** EXERCISE MATERIALS **
(* Let $\mathbb{D}$ be a domain and $\mathbb{D}_1, \ldots, \mathbb{D}_k \subseteq \mathbb{D}$ arbitrary subsets. Let $\mathcal{M} := \{M_i(D \cap \mathbb{D}_i)\}_{1\le i\le k}$ be mechanisms, where $M_i$ also receives the outputs of $M_1,\ldots,M_{i-1}$ and is $f_i$-differentially private (in its data argument, for every value of the previous outputs). Then the composition of $\mathcal{M}$ (the mechanism outputting all the outputs of $M_1,\dots,M_k$ run in sequence) is $f_\gamma$-differentially private, where $$f_\gamma := \mathrm{lce}\left\{ \bigotimes_{i\in I} f_i \;:\; I \subseteq \{1,\ldots,k\},\ \bigcap_{i \in I} \mathbb{D}_i \neq \emptyset \right\}.$$
   Context: An attribute is a finite set; a domain is $\mathbb{D} = A_1 \times \cdots \times A_m$; data sets are elements of $\mathbb{N}^{|\mathbb{D}|}$ (multisets of rows); $D\cap\mathbb{D}'$ denotes the rows of $D$ in $\mathbb{D}'$; neighboring data sets differ in a single row. For distributions $P,P'$, the trade-off function is $T(P,P')(\alpha) := \inf\{\beta_\phi : \alpha_\phi \le \alpha\}$ over measurable rejection rules $0\le\phi\le1$, with $\alpha_\phi = \mathbb{E}_P[\phi]$ and $\beta_\phi = 1-\mathbb{E}_{P'}[\phi]$. A mechanism $M$ is $f$-differentially private if $T(M(D),M(D'))\ge f$ for all neighboring $D,D'$. If $f = T(P_1,P_2)$ and $g = T(P_3,P_4)$, the tensor product is $f\otimes g := T(P_1\times P_3, P_2 \times P_4)$ (well defined and associative, so $n$-fold products make sense). The lower convex envelope of a family $F$ of trade-off functions is $\mathrm{lce}\, F (x) := \sup\{ f(x) : f \text{ convex}, f \le \min F\}$. *)

theory Defs
  imports "HOL-Probability.Probability" "HOL-Library.Multiset"
begin

text \<open>Data sets are multisets of rows; rows range over a finite type (the domain).\<close>

definition restrict_ds :: "'r multiset \<Rightarrow> 'r set \<Rightarrow> 'r multiset" where
  "restrict_ds D S = filter_mset (\<lambda>x. x \<in> S) D"

definition neighboring :: "'r multiset \<Rightarrow> 'r multiset \<Rightarrow> bool" where
  "neighboring D D' \<longleftrightarrow> (\<exists>x. D' = D + {#x#}) \<or> (\<exists>x. D = D' + {#x#})"

definition tradeoff :: "'a measure \<Rightarrow> 'a measure \<Rightarrow> real \<Rightarrow> real" where
  "tradeoff P Q \<alpha> = Inf {1 - (\<integral>x. \<phi> x \<partial>Q) | \<phi>.
      \<phi> \<in> borel_measurable P \<and> (\<forall>x\<in>space P. 0 \<le> \<phi> x \<and> \<phi> x \<le> 1) \<and>
      (\<integral>x. \<phi> x \<partial>P) \<le> \<alpha>}"

definition tradeoff_ge :: "(real \<Rightarrow> real) \<Rightarrow> (real \<Rightarrow> real) \<Rightarrow> bool" where
  "tradeoff_ge f g \<longleftrightarrow> (\<forall>\<alpha>\<in>{0..1}. g \<alpha> \<le> f \<alpha>)"

definition f_DP :: "('r multiset \<Rightarrow> 'a measure) \<Rightarrow> (real \<Rightarrow> real) \<Rightarrow> bool" where
  "f_DP M f \<longleftrightarrow> (\<forall>D D'. neighboring D D' \<longrightarrow> tradeoff_ge (tradeoff (M D) (M D')) f)"

text \<open>Tensor product of the trade-off functions T(P i, Q i), i in I:
  T(product of P i, product of Q i).\<close>
definition tensor_tradeoff :: "nat set \<Rightarrow> (nat \<Rightarrow> 'p measure) \<Rightarrow> (nat \<Rightarrow> 'p measure) \<Rightarrow> real \<Rightarrow> real" where
  "tensor_tradeoff I P Q = tradeoff (PiM I P) (PiM I Q)"

definition lce :: "(real \<Rightarrow> real) set \<Rightarrow> real \<Rightarrow> real" where
  "lce F x = Sup {g x | g. convex_on {0..1} g \<and> (\<forall>h\<in>F. \<forall>y\<in>{0..1}. g y \<le> h y)}"

text \<open>K i h E is the output distribution of the i-th mechanism given previous outputs h
  (an element of the product of S 0, ..., S (i-1)) and data E; the i-th mechanism is
  fed D restricted to Ds i.\<close>
primrec compose ::
  "(nat \<Rightarrow> (nat \<Rightarrow> 'o) \<Rightarrow> 'r multiset \<Rightarrow> 'o measure) \<Rightarrow> (nat \<Rightarrow> 'o measure) \<Rightarrow>
   (nat \<Rightarrow> 'r set) \<Rightarrow> nat \<Rightarrow> 'r multiset \<Rightarrow> (nat \<Rightarrow> 'o) measure" where
  "compose K S Ds 0 D = return (PiM {} S) (\<lambda>_. undefined)"
| "compose K S Ds (Suc i) D = bind (compose K S Ds i D)
      (\<lambda>h. distr (K i h (restrict_ds D (Ds i))) (PiM {..<Suc i} S) (\<lambda>y. h(i := y)))"

end

(*
  Let D and D' differ in one row x, and let I be the set of indices i with x in D_i. The
  mechanisms outside I receive identical inputs in both runs, so they act as a common
  post-processing, which cannot decrease a trade-off function. Each mechanism in I is an
  adaptive step whose kernels are uniformly f_i-private; by induction over the steps the
  composition is bounded below by the tensor product of the f_i, i in I. The inductive step
  rests on splitting a test on the joint output into tests on its sections: choosing
  near-optimal tests measurably in their level shows that if T(X, Y) >= f and
  T(L h, L' h) >= g for every h, then the trade-off function of the two-stage experiments
  X >>= L versus Y >>= L' is at least the tensor product of f and g.
  Finally x lies in the intersection of the D_i, i in I, so this tensor product belongs to
  the family, and the lower convex envelope lies below every member of the family.
*)

theory Submission
  imports Defs
begin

** TASK GOAL **
Among the records above, a stretch begins at the line containing "f g \<longleftrightarrow>" and ends at the line containing "text \<open>Tensor product". Restate that stretch word for word, and nothing else.

** TASK RESPONSE **
  "tradeoff_ge f g \<longleftrightarrow> (\<forall>\<alpha>\<in>{0..1}. g \<alpha> \<le> f \<alpha>)"

definition f_DP :: "('r multiset \<Rightarrow> 'a measure) \<Rightarrow> (real \<Rightarrow> real) \<Rightarrow> bool" where
  "f_DP M f \<longleftrightarrow> (\<forall>D D'. neighboring D D' \<longrightarrow> tradeoff_ge (tradeoff (M D) (M D')) f)"

text \<open>Tensor product of the trade-off functions T(P i, Q i), i in I:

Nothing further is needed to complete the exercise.